Quando os bregas mandavam seu recado

O jornalista Flávio Herculano apresenta mais um artigo sobre a música brasileira e suas sinuosidades. Desta vez o panorama traçado parte do considerado "cafona" e ao que a geração internet realmente absorveu do Lado B da música popular bras...

Enquanto o Brasil ainda descobria a geração de Chico Buarque, Caetano e Gil, festejando-os nos programas de TV, nas rádios FM e nos festivais, existia um Lado B da música popular brasileira que disputava com eles em popularidade, mas não competia pelos mesmos espaços, onde não lhes cabia. Eram os “cafonas”, ouvidos nos radinhos de pilha sintonizados nas emissoras de AM, na cozinha e no quarto de empregada das nossas casas. Os primeiros ocupavam a sala de estar, enquanto os cafonas falavam aos desvalidos, muitas vezes cumprindo o papel de cronistas do sentimento (e do comportamento) popular.

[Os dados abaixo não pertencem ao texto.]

lemma norm_A_pow_le: "norm ((A ^^ n) x) \<le> onorm A ^ n * norm x"
proof (induction n)
  case (Suc n)
  have "norm ((A ^^ Suc n) x) \<le> onorm A * norm ((A ^^ n) x)" using norm_A_le by simp
  also have "\<dots> \<le> onorm A * (onorm A ^ n * norm x)"
    using Suc onorm_pos_le[OF bounded_linear_A] by (rule mult_left_mono)
  finally show ?case by (simp add: mult.assoc)
qed simp

definition is_inverse_id_minus :: "complex \<Rightarrow> ('a \<Rightarrow> 'a) \<Rightarrow> bool" where
  "is_inverse_id_minus w S \<longleftrightarrow> bounded_clinear_op sc S \<and>
     (\<forall>x. S (x - sc w (A x)) = x) \<and> (\<forall>x. S x - sc w (A (S x)) = x)"

lemma norm_neumann_term_le:
  assumes M: "\<And>k x. norm ((A ^^ k) x) \<le> M * s ^ k * norm x" and "0 \<le> s"
  shows "norm (sc (w ^ k) ((A ^^ k) x)) \<le> (\<bar>M\<bar> * norm x) * (cmod w * s) ^ k"
proof -
  have "norm (sc (w ^ k) ((A ^^ k) x)) = cmod w ^ k * norm ((A ^^ k) x)"
    by (simp add: norm_sc norm_power)
  also have "\<dots> \<le> cmod w ^ k * (\<bar>M\<bar> * s ^ k * norm x)"
  proof (rule mult_left_mono)
    have "M * s ^ k * norm x \<le> \<bar>M\<bar> * s ^ k * norm x"
      using \<open>0 \<le> s\<close> by (intro mult_right_mono) auto
    then show "norm ((A ^^ k) x) \<le> \<bar>M\<bar> * s ^ k * norm x" using M[of k x] by linarith
  qed simp
  finally show ?thesis by (simp add: power_mult_distrib mult_ac)
qed

lemma neumann_series_summable:
  assumes M: "\<And>k x. norm ((A ^^ k) x) \<le> M * s ^ k * norm x" and s: "0 \<le> s" and w: "cmod w * s < 1"
  shows "summable (\<lambda>k. sc (w ^ k) ((A ^^ k) x))"
  by (rule summable_geometric_majorant(1)[OF norm_neumann_term_le[OF M s] _ w]) (use s in simp)

lemma bounded_clinear_op_neumann_series:
  assumes M: "\<And>k x. norm ((A ^^ k) x) \<le> M * s ^ k * norm x" and s: "0 \<le> s" and w: "cmod w * s < 1"
  shows "bounded_clinear_op sc (\<lambda>x. \<Sum>k. sc (w ^ k) ((A ^^ k) x))"
proof (rule bounded_clinear_opI)
  note summable = neumann_series_summable[OF M s w]
  show "(\<Sum>k. sc (w ^ k) ((A ^^ k) (x + y))) = (\<Sum>k. sc (w ^ k) ((A ^^ k) x)) + (\<Sum>k. sc (w ^ k) ((A ^^ k) y))"
    for x y by (simp add: A_pow_add sc_add_right suminf_add[OF summable summable])
  show "(\<Sum>k. sc (w ^ k) ((A ^^ k) (sc c x))) = sc c (\<Sum>k. sc (w ^ k) ((A ^^ k) x))" for c x
    by (simp add: A_pow_sc sc_commute bounded_linear.suminf[OF bounded_linear_sc summable])
  show "norm (\<Sum>k. sc (w ^ k) ((A ^^ k) x)) \<le> norm x * (\<bar>M\<bar> / (1 - cmod w * s))" for x
    using summable_geometric_majorant(2)[OF norm_neumann_term_le[OF M s] _ w, of x] s
    by (simp add: mult.commute)
qed

lemma neumann_series_inverse:
  assumes M: "\<And>k x. norm ((A ^^ k) x) \<le> M * s ^ k * norm x" and s: "0 \<le> s" and w: "cmod w * s < 1"
  shows "is_inverse_id_minus w (\<lambda>x. \<Sum>k. sc (w ^ k) ((A ^^ k) x))"
proof -
  define T where "T x = (\<Sum>k. sc (w ^ k) ((A ^^ k) x))" for x
  note term_le = norm_neumann_term_le[OF M s, of w]
  note summable = neumann_series_summable[OF M s w]
  have q: "0 \<le> cmod w * s" using s by simp
  have "T x - sc w (A (T x)) = x" for x
  proof -
    define a where "a k = sc (w ^ k) ((A ^^ k) x)" for k
    have sa: "summable a" using summable unfolding a_def .
    have "sc w (A (T x)) = (\<Sum>k. sc w (A (a k)))"
      unfolding T_def a_def[symmetric] using sa
      by (simp add: bounded_linear.suminf[OF bounded_linear_A] bounded_linear.suminf[OF bounded_linear_sc]
          bounded_linear.summable[OF bounded_linear_A])
    also have "(\<lambda>k. sc w (A (a k))) = (\<lambda>k. a (Suc k))"
      unfolding a_def by (simp add: A_sc A_pow_sc sc_sc)
    also have "(\<Sum>k. a (Suc k)) = T x - a 0"
      using suminf_split_head[OF sa] unfolding T_def a_def by simp
    finally show ?thesis unfolding a_def by simp
  qed
  moreover have "T (x - sc w (A x)) = x" for x
  proof -
    define a where "a k = sc (w ^ k) ((A ^^ k) x)" for k
    have "(\<lambda>k. (\<bar>M\<bar> * norm x) * (cmod w * s) ^ k) \<longlonglongrightarrow> 0"
      using q w by (intro tendsto_mult_right_zero LIMSEQ_power_zero) auto
    then have "a \<longlonglongrightarrow> 0"
      unfolding a_def by (rule Lim_null_comparison[rotated]) (use term_le in auto)
    then have "(\<lambda>k. a k - a (Suc k)) sums (a 0 - 0)" by (rule telescope_sums')
    then have "(\<lambda>k. a k - a (Suc k)) sums x" by (simp add: a_def)
    moreover have "sc (w ^ k) ((A ^^ k) (x - sc w (A x))) = a k - a (Suc k)" for k
      unfolding a_def by (simp add: A_pow_diff A_pow_sc sc_diff_right sc_sc funpow_swap1 mult.commute)
    ultimately show ?thesis unfolding T_def by (simp add: sums_iff)
  qed
  ultimately show ?thesis
    using bounded_clinear_op_neumann_series[OF M s w] unfolding is_inverse_id_minus_def T_def by blast
qed

lemma not_in_spectrum_iff:
  "z \<notin> op_spectrum sc A \<longleftrightarrow> (\<exists>B. bounded_clinear_op sc B \<and>
      (\<forall>x. B (sc z x - A x) = x) \<and> (\<forall>x. sc z (B x) - A (B x) = x))"
  unfolding op_spectrum_def by blast

lemma not_in_spectrum_iff_inverse_id_minus:
  assumes "z \<noteq> 0"
  shows "z \<notin> op_spectrum sc A \<longleftrightarrow> (\<exists>S. is_inverse_id_minus (1 / z) S)"
proof -
  have factor: "sc z x - A x = sc z (x - sc (1 / z) (A x))" for x
    using assms by (simp add: sc_diff_right sc_sc)
  show ?thesis
  proof
    assume "z \<notin> op_spectrum sc A"
    then obtain B where B: "bounded_clinear_op sc B" "\<And>x. B (sc z x - A x) = x"
      "\<And>x. sc z (B x) - A (B x) = x"
      unfolding not_in_spectrum_iff by blast
    have Bsc: "B (sc c x) = sc c (B x)" for c x
      using B(1) unfolding bounded_clinear_op_def by blast
    have "is_inverse_id_minus (1 / z) (\<lambda>x. sc z (B x))"
      unfolding is_inverse_id_minus_def
    proof (intro conjI allI)
      show "bounded_clinear_op sc (\<lambda>x. sc z (B x))"
        by (rule bounded_clinear_op_compose[OF bounded_clinear_op_sc B(1)])
      show "sc z (B (x - sc (1 / z) (A x))) = x" for x
        by (metis B(2) Bsc factor)
      show "sc z (B x) - sc (1 / z) (A (sc z (B x))) = x" for x
        using B(3)[of x] assms by (simp add: A_sc sc_sc)
    qed
    then show "\<exists>S. is_inverse_id_minus (1 / z) S" by blast
  next
    assume "\<exists>S. is_inverse_id_minus (1 / z) S"
    then obtain S where S: "bounded_clinear_op sc S" "\<And>x. S (x - sc (1 / z) (A x)) = x"
      "\<And>x. S x - sc (1 / z) (A (S x)) = x"
      unfolding is_inverse_id_minus_def by blast
    show "z \<notin> op_spectrum sc A"
      unfolding not_in_spectrum_iff
    proof (intro exI conjI allI)
      show "bounded_clinear_op sc (\<lambda>x. sc (1 / z) (S x))"
        by (rule bounded_clinear_op_compose[OF bounded_clinear_op_sc S(1)])
      show "sc (1 / z) (S (sc z x - A x)) = x" for x
        using S(1,2) assms unfolding factor bounded_clinear_op_def by (simp add: sc_sc)
      show "sc z (sc (1 / z) (S x)) - A (sc (1 / z) (S x)) = x" for x
        using S(3)[of x] assms by (simp add: A_sc sc_sc)
    qed
  qed
qed

lemma spectral_radius_le_of_power_bound:
  assumes M: "\<And>k x. norm ((A ^^ k) x) \<le> M * s ^ k * norm x" and s: "0 \<le> s"
  shows "spectral_radius sc A \<le> ereal s"
  unfolding spectral_radius_def
proof (rule Sup_least, clarify)
  fix z assume z: "z \<in> op_spectrum sc A"
  show "ereal (cmod z) \<le> ereal s"
  proof (rule ccontr)
    assume "\<not> ereal (cmod z) \<le> ereal s"
    then have "s < cmod z" by simp
    then have "z \<noteq> 0" "cmod (1 / z) * s < 1"
      using s by (auto simp: norm_divide divide_simps)
    then show False
      using z neumann_series_inverse[OF M s] not_in_spectrum_iff_inverse_id_minus by blast
  qed
qed

lemma is_inverse_id_minus_bounded_linear: "is_inverse_id_minus w S \<Longrightarrow> bounded_linear S"
  unfolding is_inverse_id_minus_def bounded_clinear_op_def by blast

lemma resolvent_identity:
  assumes S: "is_inverse_id_minus w S" and S0: "is_inverse_id_minus w0 S0"
  shows "S x - S0 x = sc (w - w0) (S0 (A (S x)))"
proof -
  have S0_left: "S0 (u - sc w0 (A u)) = u" for u
    using S0 unfolding is_inverse_id_minus_def by blast
  have S0_sc: "S0 (sc c u) = sc c (S0 u)" for c u
    using S0 unfolding is_inverse_id_minus_def bounded_clinear_op_def by blast
  have S0_add: "S0 (u + v) = S0 u + S0 v" for u v
    using is_inverse_id_minus_bounded_linear[OF S0] by (simp add: linear_simps)
  have "S x - sc w0 (A (S x)) = x + sc (w - w0) (A (S x))"
  proof -
    have "S x - sc w (A (S x)) = x" using S unfolding is_inverse_id_minus_def by blast
    then show ?thesis by (simp add: algebra_simps flip: sc_add_left)
  qed
  then have "S x = S0 x + S0 (sc (w - w0) (A (S x)))"
    using S0_left[of "S x"] S0_add by metis
  then show ?thesis by (simp add: S0_sc algebra_simps)
qed

lemma norm_resolvent_diff_le:
  assumes S: "is_inverse_id_minus w S" and S0: "is_inverse_id_minus w0 S0"
  shows "norm (S x - S0 x) \<le> cmod (w - w0) * onorm S0 * onorm A * norm (S x)"
proof -
  have "norm (S0 (A (S x))) \<le> onorm S0 * (onorm A * norm (S x))"
    using onorm[OF is_inverse_id_minus_bounded_linear[OF S0], of "A (S x)"]
      mult_left_mono[OF norm_A_le onorm_pos_le[OF is_inverse_id_minus_bounded_linear[OF S0]]]
    by (meson order_trans)
  then show ?thesis
    by (simp add: resolvent_identity[OF S S0] norm_sc mult_left_mono mult.assoc)
qed

lemma resolvent_bounds_nearby:
  assumes S: "is_inverse_id_minus w S" and S0: "is_inverse_id_minus w0 S0"
    and close: "cmod (w - w0) * onorm S0 * onorm A \<le> 1/2"
  shows "onorm S \<le> 2 * onorm S0"
    and "norm (S x - S0 x) \<le> cmod (w - w0) * (2 * onorm A * (onorm S0)\<^sup>2) * norm x"
proof -
  note bl = is_inverse_id_minus_bounded_linear
  have "norm (S y) \<le> 2 * onorm S0 * norm y" for y
  proof -
    have "norm (S y) \<le> norm (S0 y) + norm (S y - S0 y)"
      by (metis add_diff_cancel_left' diff_add_cancel norm_triangle_ineq)
    also have "\<dots> \<le> onorm S0 * norm y + 1/2 * norm (S y)"
      using onorm[OF bl[OF S0], of y] norm_resolvent_diff_le[OF S S0, of y]
        mult_right_mono[OF close norm_ge_zero[of "S y"]]
      by linarith
    finally show ?thesis by simp
  qed
  then show onorm_le: "onorm S \<le> 2 * onorm S0"
    using onorm_pos_le[OF bl[OF S0]] by (intro onorm_bound) auto
  have "norm (S x - S0 x) \<le> cmod (w - w0) * onorm S0 * onorm A * (onorm S * norm x)"
    using norm_resolvent_diff_le[OF S S0, of x] onorm[OF bl[OF S], of x]
      onorm_pos_le[OF bl[OF S0]] onorm_pos_le[OF bounded_linear_A]
    by (meson mult_left_mono mult_nonneg_nonneg norm_ge_zero order_trans)
  also have "\<dots> \<le> cmod (w - w0) * onorm S0 * onorm A * (2 * onorm S0 * norm x)"
    using onorm_le onorm_pos_le[OF bl[OF S0]] onorm_pos_le[OF bounded_linear_A]
    by (intro mult_left_mono mult_right_mono) auto
  finally show "norm (S x - S0 x) \<le> cmod (w - w0) * (2 * onorm A * (onorm S0)\<^sup>2) * norm x"
    by (simp add: power2_eq_square mult_ac)
qed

Entre uma canção meramente de dor-de-cotovelo e outra, os cafonas, rotulados atualmente de bregas, falavam das mudanças de comportamento que efervesciam: drogas, divórcio, feminismo e homossexualidade, sem omitir-se também quanto a temas tabus. Lembra de Fernando Mendes falando de uma paixão platônica por uma cadeirante? Sim, era uma época em que os bregas tinham muito que dizer e o faziam de forma clara, sem verniz, sem rebuscamentos, nas mesmas cores fortes do cotidiano, como faz um Almodóvar no cinema.

A geração internet que conheceu Vanusa pelo episódio constrangedor do Hino Nacional não imagina que foi ela quem cantou mais ardorosamente os temas feministas no país na década de 70. Guardadas as proporções e o tom panfletário de suas composições, Vanusa foi a Simone de Beauvoir da nossa música aos transformar seus dramas amorosos em bandeira de luta. “A mão que te acaricia é a mesma que te esbofeteia / A boca que te beija é a mesma que te injuria / O braço que te ampara é o mesmo que te bate na cara / ... / O teu silêncio é cúmplice da violência / Acorda pra vida e pede socorro / Nada vale esse jogo”, disse Vanusa em “S.O.S Mulher”, um de seus vários temas feministas. “Hoje pode parecer um grande clichê, um exagero, mas na década de 70 isso era realmente uma novidade”, situa o jornalista e pesquisador Rodrigo Faour no livro “História Sexual da MPB”.

Quem vê hoje Agnaldo Timóteo como político reacionário não supõe seu momento criativo e libertário quando compôs, em tom autobiográfico, em 1975, “Galeria do Amor”, em referência à Galeria Alasca, antigo reduto gay carioca. “Na galeria do amor é assim / Muita gente a procura de gente / A galeria do amor é assim / Um lugar de emoções diferentes / Onde gente que é gente se entende / Onde pode se amar livremente”. E não foi só Timóteo. Wando, Nelson Ned, Paulo Adriano e Odair José (este em duas composições) também dedicaram canções ao tema homossexual, livre de preconceitos, segundo enumera o pesquisador Paulo César Araújo no livro “Eu Não Sou Cachorro Não”.

Aliás, o goiano Odair José, conhecido como “o terror das empregadas” dado a frequência com que falava do tema, foi um prodígio na abordagem de tabus. Falou sobre o uso de drogas em “Viagem” (quero colocar na sua mente uma luz/ acabar de uma vez com os tabus/ que um dia inventaram pra gente), comemorou o advento do divórcio em “Agora sou livre”, abordou a prostituição em “Eu vou tirar você desse lugar” e foi excomungado pela Igreja Católica por defender a ideia que José e Maria não eram casados quando Jesus foi concebido e, portanto, ele seria fruto do amor livre. (No disco ópera/rock “O filho de José e Maria”, uma pérola de 1979). Antes, Odair José já tinha questionado "Cristo, quem é você?". Além disso, justo por, na época, ser tabu falar sobre métodos anticonceptivos, ele compôs o sucesso “Uma vida só” (Pare de tomar a pílula) quando o regime ditatorial implantava a política de controle de natalidade no país.

Como a censura não se restringia aos temas políticos, mas também à preservação da moral conservadora, Odair José, dizem, foi mais perseguido pelo regime militar que Chico Buarque. "A cada 12 canções que eu fazia, sete eram censuradas”, contabilizou José em entrevista ao site Censura Musical.

E assim o gênero popular seguiu em frente, de quando em vez dando seu recado e mexendo nas nossas feridas morais, em meio a um turbilhão de músicas voltadas às dores de amores (aliás, é uma característica universal da música privilegiar os dramas amorosos. É assim até na ópera). Pena a geração atual do brega não ter seguido essa receita, se restringindo ao chororô dos fins de caso.